In 2011, the City of Austin renamed the Town Lake Hike and Bike Trail to the Ann and Roy Butler Hike-and-Bike Trail. Mayor Butler and his wife, Ann, were instrumental in transforming the shores of Lady Bird Lake into a park area with a trail and landscaped spaces. The trail creates a complete circuit around Lady Bird Lake and is one of the oldest urban Texas hike and bike paths. The trail is the longest trail designed for non-motorized traffic maintained by the City of Austin Parks and Recreation Department. A local nonprofit, The Trail Conservancy, formed in 2003, is the trail's primary steward since 2022 and has made trail-wide improvements by adding landscaping, user amenities and infrastructure including trailheads and lakefront gathering areas, locally-designed jewel box restrooms, exercise equipment, as well as doing trail wide ecological restoration work on an ongoing basis.

The Butler Trail loop was completed in 2014 with the public-private partnership 1-mile Boardwalk at Lady Bird Lake project, which was spearheaded by The Trail Conservancy. Construction on the $28 million project was completed during October 2012 – June 2014.

The trail is 10.1 mi long and mostly flat, with 97.5% of it at less than an 8% grade. The trail's surface is smooth and is mostly crushed granite except for a few lengths of concrete and a boardwalk on the South-side of the lake. A pedestrian bridge incorporated into the trail bridges Barton Creek. The Roberta Crenshaw Pedestrian Walkway spans Lady Bird Lake beneath MoPac Boulevard and provides the trail's westernmost crossing of Lady Bird Lake.

The trail encompasses the Lou Neff Point Gazebo at the confluence of Barton Creek and Lady Bird Lake. It is listed as 'Austin Art in Public Places'.

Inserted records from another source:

(* Let $P$ be a continuous $L$-ordered set. Then $\Sigma_LP=(P,\sigma_L(P))$ is a locally super-compact $L$-topological space. Consequently, if $P$ is moreover an $L$-dcpo, then $\Sigma_LP$ is a locally super-compact $L$-sober space.
   Context: $L$ is a frame with implication $\to$. $L$-subsets of $X$: maps $X\to L$; nonempty: $\bigvee_xA(x)=1$; ${\rm sub}_X(A,B)=\bigwedge_xA(x)\to B(x)$. $L$-topology: $\mathcal O(X)\subseteq L^X$ closed under finite meets, arbitrary joins, containing constants; interior $A^\circ=\bigvee\{B\text{ open}:B\le A\}$. Super-compact: nonempty $A$ with ${\rm sub}_X(A,\bigvee_iV_i)=\bigvee_i{\rm sub}_X(A,V_i)$ for every family of open $V_i$; ${\rm SC}(X)$ is their set. Locally super-compact: every open $A$ equals $\bigvee_{B\in{\rm SC}(X)}{\rm sub}_X(B,A)\wedge B^\circ$. A point of $\mathcal O(X)$: $p:\mathcal O(X)\to L$ preserving binary meets and arbitrary joins with $p(\lambda_X)=\lambda$; $[x](A)=A(x)$; $L$-sober: $x\mapsto[x]$ bijective onto the points. $L$-order on $P$: $e$ with $e(x,x)=1$, $e(x,y)\wedge e(y,z)\le e(x,z)$, $e(x,y)\wedge e(y,x)=1\Rightarrow x=y$. ${\downarrow}y(x)=e(x,y)$. $\sqcup A=x$ iff $e(x,y)={\rm sub}_P(A,{\downarrow}y)$ for all $y$. Directed: nonempty and $D(x)\wedge D(y)\le\bigvee_zD(z)\wedge e(x,z)\wedge e(y,z)$; ideal: directed lower set. $L$-dcpo: all directed $L$-subsets have suprema. ${\Downarrow}x(y)=\bigwedge\{e(x,\sqcup I)\to I(y):I\text{ ideal with a supremum}\}$; $P$ continuous if each ${\Downarrow}x$ is directed with supremum $x$. $\sigma_L(P)$: upper sets $A$ with $A(\sqcup D)=\bigvee_xA(x)\wedge D(x)$ for all directed $D$ having a supremum. *)

theory Defs
  imports Main
begin

class frame = complete_lattice +
  assumes inf_Sup_distrib_frame: "inf a (Sup S) = (SUP s\<in>S. inf a s)"

definition himp :: "'l::frame \<Rightarrow> 'l \<Rightarrow> 'l" where
  "himp a b = Sup {c. inf c a \<le> b}"

definition Lnonempty :: "('a \<Rightarrow> 'l::frame) \<Rightarrow> bool" where
  "Lnonempty A \<longleftrightarrow> (SUP x. A x) = top"

definition Lsub :: "('a \<Rightarrow> 'l::frame) \<Rightarrow> ('a \<Rightarrow> 'l) \<Rightarrow> 'l" where
  "Lsub A B = (INF x. himp (A x) (B x))"

definition is_Ltopology :: "('a \<Rightarrow> 'l::frame) set \<Rightarrow> bool" where
  "is_Ltopology T \<longleftrightarrow>
     (\<forall>A\<in>T. \<forall>B\<in>T. inf A B \<in> T) \<and>
     (\<forall>S. S \<subseteq> T \<longrightarrow> Sup S \<in> T) \<and>
     (\<forall>c. (\<lambda>_. c) \<in> T)"

definition Linterior :: "('a \<Rightarrow> 'l::frame) set \<Rightarrow> ('a \<Rightarrow> 'l) \<Rightarrow> ('a \<Rightarrow> 'l)" where
  "Linterior T A = Sup {B\<in>T. B \<le> A}"

definition super_compact :: "('a \<Rightarrow> 'l::frame) set \<Rightarrow> ('a \<Rightarrow> 'l) \<Rightarrow> bool" where
  "super_compact T A \<longleftrightarrow> Lnonempty A \<and>
     (\<forall>\<V>. \<V> \<subseteq> T \<longrightarrow> Lsub A (Sup \<V>) = (SUP V\<in>\<V>. Lsub A V))"

definition SC :: "('a \<Rightarrow> 'l::frame) set \<Rightarrow> ('a \<Rightarrow> 'l) set" where
  "SC T = {A. super_compact T A}"

definition locally_super_compact :: "('a \<Rightarrow> 'l::frame) set \<Rightarrow> bool" where
  "locally_super_compact T \<longleftrightarrow>
     (\<forall>A\<in>T. A = (SUP B\<in>SC T. (\<lambda>x. inf (Lsub B A) (Linterior T B x))))"

text \<open>A point of the frame of open sets, given as a function that is only
  constrained on the open sets.\<close>
definition is_point :: "('a \<Rightarrow> 'l::frame) set \<Rightarrow> (('a \<Rightarrow> 'l) \<Rightarrow> 'l) \<Rightarrow> bool" where
  "is_point T p \<longleftrightarrow>
     (\<forall>A\<in>T. \<forall>B\<in>T. p (inf A B) = inf (p A) (p B)) \<and>
     (\<forall>S. S \<subseteq> T \<longrightarrow> p (Sup S) = (SUP A\<in>S. p A)) \<and>
     (\<forall>c. p (\<lambda>_. c) = c)"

On February 7, 2026, the City of Austin opened Wishbone Bridge—a three way bridge—to create a north-south connection on the Butler Trail across Lady Bird Lake that gets trail users off of the sidewalks on Longhorn Dam and away from the heavy traffic across the dam. Construction of the bridge started in the summer of 2024 and cost $25 million paid for with $20 million from a 2020 bond package, a $4.1 million federal grant and other money from 2012 and 2016 bonds. The center of the bridge is a 76-foot-wide shaded plaza with landscaping, benches and bike racks added by the Trail Conservancy.

===Fishing===
Lady Bird Lake has been stocked with several species of fish intended to improve the utility of the reservoir for recreational fishing. The predominant fish species in Lady Bird Lake are largemouth bass, catfish, carp, and sunfish. Fishing is regulated by the State of Texas, requiring a fishing license, and daily bag and length limits apply for most species.

A ban on the consumption of fish caught in the lake was issued by the City of Austin in 1990, as a result of excessively high levels of chlordane found in the fish. Although the use of chlordane as a pesticide was banned in the United States in 1988, the chemical sticks strongly to soil particles and can continue to pollute groundwater for years after its application. The ban on the consumption of fish caught in the lake was finally lifted in 1999.

The ADA-accessible Holly Fishing Pier, built by the Trail Conservancy on the north shore of the lake near Festival Beach, opened in 2025.

==Drinking water uses==
The first water treatment facility in the City of Austin, the Thomas C. Green Water Treatment Plant, was built in 1925 to treat water from the Colorado River. The plant occupied 6 acre just west of the principal downtown business district. The water treatment facility was decommissioned in late 2008.